Task objective ▸ Only the lines below from the one containing "x \<mapsto> W^T" to the one containing "An antiderivative H_j" should be repeated, both included and unchanged.

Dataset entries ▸

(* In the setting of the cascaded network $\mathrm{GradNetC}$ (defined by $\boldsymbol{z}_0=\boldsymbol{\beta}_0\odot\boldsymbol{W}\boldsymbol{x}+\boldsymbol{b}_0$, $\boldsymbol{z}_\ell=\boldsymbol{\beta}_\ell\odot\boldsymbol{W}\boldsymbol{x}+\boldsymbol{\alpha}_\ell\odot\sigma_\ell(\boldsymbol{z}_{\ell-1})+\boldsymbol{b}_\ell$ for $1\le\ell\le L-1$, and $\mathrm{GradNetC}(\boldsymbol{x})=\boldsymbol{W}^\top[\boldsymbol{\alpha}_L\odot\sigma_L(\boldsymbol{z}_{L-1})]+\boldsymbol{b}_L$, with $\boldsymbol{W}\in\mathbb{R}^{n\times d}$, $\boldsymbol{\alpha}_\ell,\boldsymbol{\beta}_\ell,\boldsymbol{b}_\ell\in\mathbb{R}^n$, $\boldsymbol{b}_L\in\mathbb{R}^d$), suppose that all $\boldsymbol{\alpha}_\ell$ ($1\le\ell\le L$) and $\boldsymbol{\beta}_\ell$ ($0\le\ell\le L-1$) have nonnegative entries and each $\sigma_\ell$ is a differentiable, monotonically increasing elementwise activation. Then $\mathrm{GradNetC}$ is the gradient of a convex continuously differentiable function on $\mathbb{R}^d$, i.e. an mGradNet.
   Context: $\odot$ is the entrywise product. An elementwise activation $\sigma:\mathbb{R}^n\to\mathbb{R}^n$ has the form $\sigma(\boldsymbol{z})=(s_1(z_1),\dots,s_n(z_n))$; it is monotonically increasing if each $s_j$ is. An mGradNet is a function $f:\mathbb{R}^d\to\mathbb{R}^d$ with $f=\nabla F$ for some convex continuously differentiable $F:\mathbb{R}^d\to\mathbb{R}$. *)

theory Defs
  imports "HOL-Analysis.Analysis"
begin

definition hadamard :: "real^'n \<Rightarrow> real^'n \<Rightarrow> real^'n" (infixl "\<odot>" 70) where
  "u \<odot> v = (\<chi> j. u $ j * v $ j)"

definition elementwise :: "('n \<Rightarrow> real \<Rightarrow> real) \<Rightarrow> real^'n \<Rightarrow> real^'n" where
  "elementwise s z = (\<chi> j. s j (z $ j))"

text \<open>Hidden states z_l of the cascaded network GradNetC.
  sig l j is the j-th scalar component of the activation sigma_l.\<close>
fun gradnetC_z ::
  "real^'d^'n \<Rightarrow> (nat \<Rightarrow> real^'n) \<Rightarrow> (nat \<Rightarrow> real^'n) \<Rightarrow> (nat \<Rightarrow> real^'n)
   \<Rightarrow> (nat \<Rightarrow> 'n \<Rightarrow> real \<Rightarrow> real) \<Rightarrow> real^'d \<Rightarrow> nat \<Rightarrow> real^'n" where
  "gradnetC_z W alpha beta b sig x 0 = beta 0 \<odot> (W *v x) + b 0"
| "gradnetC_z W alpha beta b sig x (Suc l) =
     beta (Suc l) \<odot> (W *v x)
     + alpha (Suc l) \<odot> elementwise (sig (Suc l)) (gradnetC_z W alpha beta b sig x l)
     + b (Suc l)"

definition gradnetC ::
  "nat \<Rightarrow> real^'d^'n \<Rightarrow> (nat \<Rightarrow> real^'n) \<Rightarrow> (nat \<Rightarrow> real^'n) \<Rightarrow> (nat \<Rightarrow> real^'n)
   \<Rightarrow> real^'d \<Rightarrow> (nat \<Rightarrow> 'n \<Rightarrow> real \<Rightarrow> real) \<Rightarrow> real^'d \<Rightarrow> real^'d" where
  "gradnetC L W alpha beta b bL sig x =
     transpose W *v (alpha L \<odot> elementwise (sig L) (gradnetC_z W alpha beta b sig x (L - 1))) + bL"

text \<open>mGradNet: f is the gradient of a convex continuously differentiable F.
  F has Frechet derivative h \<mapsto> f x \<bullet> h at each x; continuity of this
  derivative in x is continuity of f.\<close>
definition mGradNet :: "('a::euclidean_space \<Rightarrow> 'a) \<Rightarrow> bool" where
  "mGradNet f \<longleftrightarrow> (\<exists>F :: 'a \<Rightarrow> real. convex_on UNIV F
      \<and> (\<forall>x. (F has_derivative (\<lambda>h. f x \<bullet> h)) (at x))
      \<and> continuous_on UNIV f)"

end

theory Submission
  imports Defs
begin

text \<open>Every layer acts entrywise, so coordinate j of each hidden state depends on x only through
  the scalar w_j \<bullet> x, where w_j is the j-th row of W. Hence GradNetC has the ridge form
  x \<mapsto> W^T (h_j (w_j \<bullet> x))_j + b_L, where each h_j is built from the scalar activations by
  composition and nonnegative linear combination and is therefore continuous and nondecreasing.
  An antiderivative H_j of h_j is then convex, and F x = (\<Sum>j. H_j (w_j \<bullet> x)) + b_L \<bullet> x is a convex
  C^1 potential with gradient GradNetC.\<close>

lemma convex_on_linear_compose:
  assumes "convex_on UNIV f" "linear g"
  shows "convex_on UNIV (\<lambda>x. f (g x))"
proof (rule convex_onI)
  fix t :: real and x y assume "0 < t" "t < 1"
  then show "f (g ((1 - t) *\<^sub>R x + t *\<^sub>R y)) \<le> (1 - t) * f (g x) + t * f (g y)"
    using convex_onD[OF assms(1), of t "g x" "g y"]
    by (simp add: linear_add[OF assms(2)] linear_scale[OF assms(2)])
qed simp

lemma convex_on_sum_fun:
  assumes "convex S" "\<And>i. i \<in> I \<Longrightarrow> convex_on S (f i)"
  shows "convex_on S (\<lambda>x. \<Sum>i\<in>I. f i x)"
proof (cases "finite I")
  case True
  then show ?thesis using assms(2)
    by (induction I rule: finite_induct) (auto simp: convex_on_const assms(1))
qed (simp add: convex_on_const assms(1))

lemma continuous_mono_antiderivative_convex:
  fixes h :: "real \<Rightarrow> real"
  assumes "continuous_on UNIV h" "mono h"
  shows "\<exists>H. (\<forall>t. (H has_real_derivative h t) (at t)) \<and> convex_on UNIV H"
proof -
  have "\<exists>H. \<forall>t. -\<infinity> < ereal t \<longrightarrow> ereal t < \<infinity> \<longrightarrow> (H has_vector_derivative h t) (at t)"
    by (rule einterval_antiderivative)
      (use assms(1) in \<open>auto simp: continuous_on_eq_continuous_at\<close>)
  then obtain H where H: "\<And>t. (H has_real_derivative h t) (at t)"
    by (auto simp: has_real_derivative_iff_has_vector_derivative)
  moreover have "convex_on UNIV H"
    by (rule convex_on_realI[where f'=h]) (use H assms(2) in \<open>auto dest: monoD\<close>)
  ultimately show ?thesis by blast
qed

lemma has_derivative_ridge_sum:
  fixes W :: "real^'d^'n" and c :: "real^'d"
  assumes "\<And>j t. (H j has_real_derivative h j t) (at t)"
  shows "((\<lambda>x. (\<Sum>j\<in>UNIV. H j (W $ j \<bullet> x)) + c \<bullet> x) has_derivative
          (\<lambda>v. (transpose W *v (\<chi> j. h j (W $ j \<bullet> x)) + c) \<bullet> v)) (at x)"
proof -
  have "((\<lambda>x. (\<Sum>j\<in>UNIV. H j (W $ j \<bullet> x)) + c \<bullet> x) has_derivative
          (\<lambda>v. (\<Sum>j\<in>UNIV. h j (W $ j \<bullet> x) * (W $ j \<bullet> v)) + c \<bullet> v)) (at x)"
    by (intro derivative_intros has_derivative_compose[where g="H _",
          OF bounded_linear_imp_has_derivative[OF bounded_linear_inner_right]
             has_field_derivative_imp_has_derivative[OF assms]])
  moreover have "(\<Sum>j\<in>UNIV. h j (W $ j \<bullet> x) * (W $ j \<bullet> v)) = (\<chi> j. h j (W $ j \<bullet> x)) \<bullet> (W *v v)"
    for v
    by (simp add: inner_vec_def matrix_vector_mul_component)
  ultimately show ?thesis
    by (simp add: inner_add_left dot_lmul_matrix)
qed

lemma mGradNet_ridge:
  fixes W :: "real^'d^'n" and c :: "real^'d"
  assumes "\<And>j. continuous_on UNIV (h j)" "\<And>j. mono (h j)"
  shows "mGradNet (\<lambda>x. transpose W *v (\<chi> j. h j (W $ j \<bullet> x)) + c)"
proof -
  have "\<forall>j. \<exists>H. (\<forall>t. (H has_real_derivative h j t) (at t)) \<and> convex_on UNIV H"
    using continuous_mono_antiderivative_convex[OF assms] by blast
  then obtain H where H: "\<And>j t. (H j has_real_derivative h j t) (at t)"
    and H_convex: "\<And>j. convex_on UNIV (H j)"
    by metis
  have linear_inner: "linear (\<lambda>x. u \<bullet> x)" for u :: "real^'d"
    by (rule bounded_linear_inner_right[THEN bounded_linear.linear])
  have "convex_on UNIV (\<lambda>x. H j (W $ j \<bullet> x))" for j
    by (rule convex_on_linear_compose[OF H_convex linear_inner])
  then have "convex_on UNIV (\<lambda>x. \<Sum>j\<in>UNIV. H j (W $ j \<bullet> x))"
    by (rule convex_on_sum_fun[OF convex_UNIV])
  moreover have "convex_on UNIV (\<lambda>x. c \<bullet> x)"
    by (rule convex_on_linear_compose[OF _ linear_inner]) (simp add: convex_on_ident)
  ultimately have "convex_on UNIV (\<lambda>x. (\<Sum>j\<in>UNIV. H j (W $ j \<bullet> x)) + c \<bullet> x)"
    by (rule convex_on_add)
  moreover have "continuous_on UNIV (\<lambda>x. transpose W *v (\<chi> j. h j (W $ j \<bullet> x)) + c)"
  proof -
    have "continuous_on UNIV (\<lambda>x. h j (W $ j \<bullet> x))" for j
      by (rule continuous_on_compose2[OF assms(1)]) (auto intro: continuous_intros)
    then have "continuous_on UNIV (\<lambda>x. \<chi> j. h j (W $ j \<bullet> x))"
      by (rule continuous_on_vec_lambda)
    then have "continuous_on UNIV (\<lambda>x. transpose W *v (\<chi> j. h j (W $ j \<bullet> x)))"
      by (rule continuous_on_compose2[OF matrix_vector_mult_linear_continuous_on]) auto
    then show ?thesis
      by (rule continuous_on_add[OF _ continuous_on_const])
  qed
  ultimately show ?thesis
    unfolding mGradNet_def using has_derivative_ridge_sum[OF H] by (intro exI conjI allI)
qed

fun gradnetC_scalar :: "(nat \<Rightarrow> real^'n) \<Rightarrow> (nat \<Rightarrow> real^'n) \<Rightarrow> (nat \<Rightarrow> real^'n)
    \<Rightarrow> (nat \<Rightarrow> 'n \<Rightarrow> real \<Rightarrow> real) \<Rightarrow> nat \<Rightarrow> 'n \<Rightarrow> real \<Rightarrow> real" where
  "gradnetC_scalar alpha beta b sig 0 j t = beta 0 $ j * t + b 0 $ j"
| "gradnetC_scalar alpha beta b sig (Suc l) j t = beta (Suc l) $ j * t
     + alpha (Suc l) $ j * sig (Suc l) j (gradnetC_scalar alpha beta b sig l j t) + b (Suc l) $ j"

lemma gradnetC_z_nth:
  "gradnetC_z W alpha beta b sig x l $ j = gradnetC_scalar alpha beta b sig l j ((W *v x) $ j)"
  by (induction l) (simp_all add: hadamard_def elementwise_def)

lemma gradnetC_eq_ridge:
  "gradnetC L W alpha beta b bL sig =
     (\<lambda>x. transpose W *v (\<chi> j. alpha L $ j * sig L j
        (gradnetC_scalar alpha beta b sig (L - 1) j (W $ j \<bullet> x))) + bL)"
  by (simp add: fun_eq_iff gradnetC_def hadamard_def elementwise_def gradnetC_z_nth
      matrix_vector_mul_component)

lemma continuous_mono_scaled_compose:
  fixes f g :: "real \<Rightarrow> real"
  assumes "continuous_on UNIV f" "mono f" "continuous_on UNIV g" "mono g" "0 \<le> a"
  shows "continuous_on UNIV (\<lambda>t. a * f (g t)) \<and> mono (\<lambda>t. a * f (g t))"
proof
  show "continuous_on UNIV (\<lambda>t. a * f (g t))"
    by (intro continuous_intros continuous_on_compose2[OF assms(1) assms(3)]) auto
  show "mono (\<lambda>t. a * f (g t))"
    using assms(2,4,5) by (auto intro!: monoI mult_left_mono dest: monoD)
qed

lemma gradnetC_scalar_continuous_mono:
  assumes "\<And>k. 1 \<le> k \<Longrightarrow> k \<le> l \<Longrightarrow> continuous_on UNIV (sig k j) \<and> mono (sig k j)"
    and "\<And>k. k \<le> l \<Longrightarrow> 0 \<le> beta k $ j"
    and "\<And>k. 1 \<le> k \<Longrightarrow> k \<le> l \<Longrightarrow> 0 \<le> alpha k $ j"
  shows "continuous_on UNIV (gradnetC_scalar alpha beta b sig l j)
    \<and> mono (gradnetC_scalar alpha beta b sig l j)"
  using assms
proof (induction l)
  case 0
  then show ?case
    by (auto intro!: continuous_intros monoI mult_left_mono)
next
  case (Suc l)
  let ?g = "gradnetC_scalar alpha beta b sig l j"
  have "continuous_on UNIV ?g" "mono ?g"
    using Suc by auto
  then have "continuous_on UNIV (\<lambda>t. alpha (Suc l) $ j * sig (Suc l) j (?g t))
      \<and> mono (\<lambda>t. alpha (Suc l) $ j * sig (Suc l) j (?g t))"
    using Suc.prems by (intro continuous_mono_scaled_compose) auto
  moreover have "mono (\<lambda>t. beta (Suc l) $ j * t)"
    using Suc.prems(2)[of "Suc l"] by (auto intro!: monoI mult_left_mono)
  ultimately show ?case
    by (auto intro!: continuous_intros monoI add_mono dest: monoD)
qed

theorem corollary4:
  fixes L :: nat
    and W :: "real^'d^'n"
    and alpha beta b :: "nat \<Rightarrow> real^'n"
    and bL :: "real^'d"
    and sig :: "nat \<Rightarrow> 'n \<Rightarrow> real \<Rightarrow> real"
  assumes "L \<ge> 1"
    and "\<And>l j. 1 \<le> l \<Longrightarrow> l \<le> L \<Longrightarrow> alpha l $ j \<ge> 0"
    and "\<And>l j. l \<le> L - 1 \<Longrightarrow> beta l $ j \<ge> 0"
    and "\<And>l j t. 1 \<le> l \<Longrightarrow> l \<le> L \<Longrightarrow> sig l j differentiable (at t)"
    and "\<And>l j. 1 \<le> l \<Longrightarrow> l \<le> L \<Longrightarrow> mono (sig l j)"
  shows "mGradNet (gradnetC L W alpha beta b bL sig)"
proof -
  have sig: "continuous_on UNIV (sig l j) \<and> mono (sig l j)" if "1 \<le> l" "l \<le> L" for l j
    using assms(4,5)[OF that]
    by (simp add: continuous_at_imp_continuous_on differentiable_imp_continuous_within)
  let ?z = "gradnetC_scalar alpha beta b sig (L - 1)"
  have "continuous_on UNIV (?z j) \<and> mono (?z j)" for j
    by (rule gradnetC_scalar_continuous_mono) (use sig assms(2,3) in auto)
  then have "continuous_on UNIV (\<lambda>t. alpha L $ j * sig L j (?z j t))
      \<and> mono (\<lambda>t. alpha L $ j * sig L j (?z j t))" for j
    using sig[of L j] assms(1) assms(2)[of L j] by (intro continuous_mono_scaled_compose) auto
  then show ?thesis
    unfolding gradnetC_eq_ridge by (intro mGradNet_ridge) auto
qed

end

Result for this exercise ▸
  x \<mapsto> W^T (h_j (w_j \<bullet> x))_j + b_L, where each h_j is built from the scalar activations by
  composition and nonnegative linear combination and is therefore continuous and nondecreasing.
  An antiderivative H_j of h_j is then convex, and F x = (\<Sum>j. H_j (w_j \<bullet> x)) + b_L \<bullet> x is a convex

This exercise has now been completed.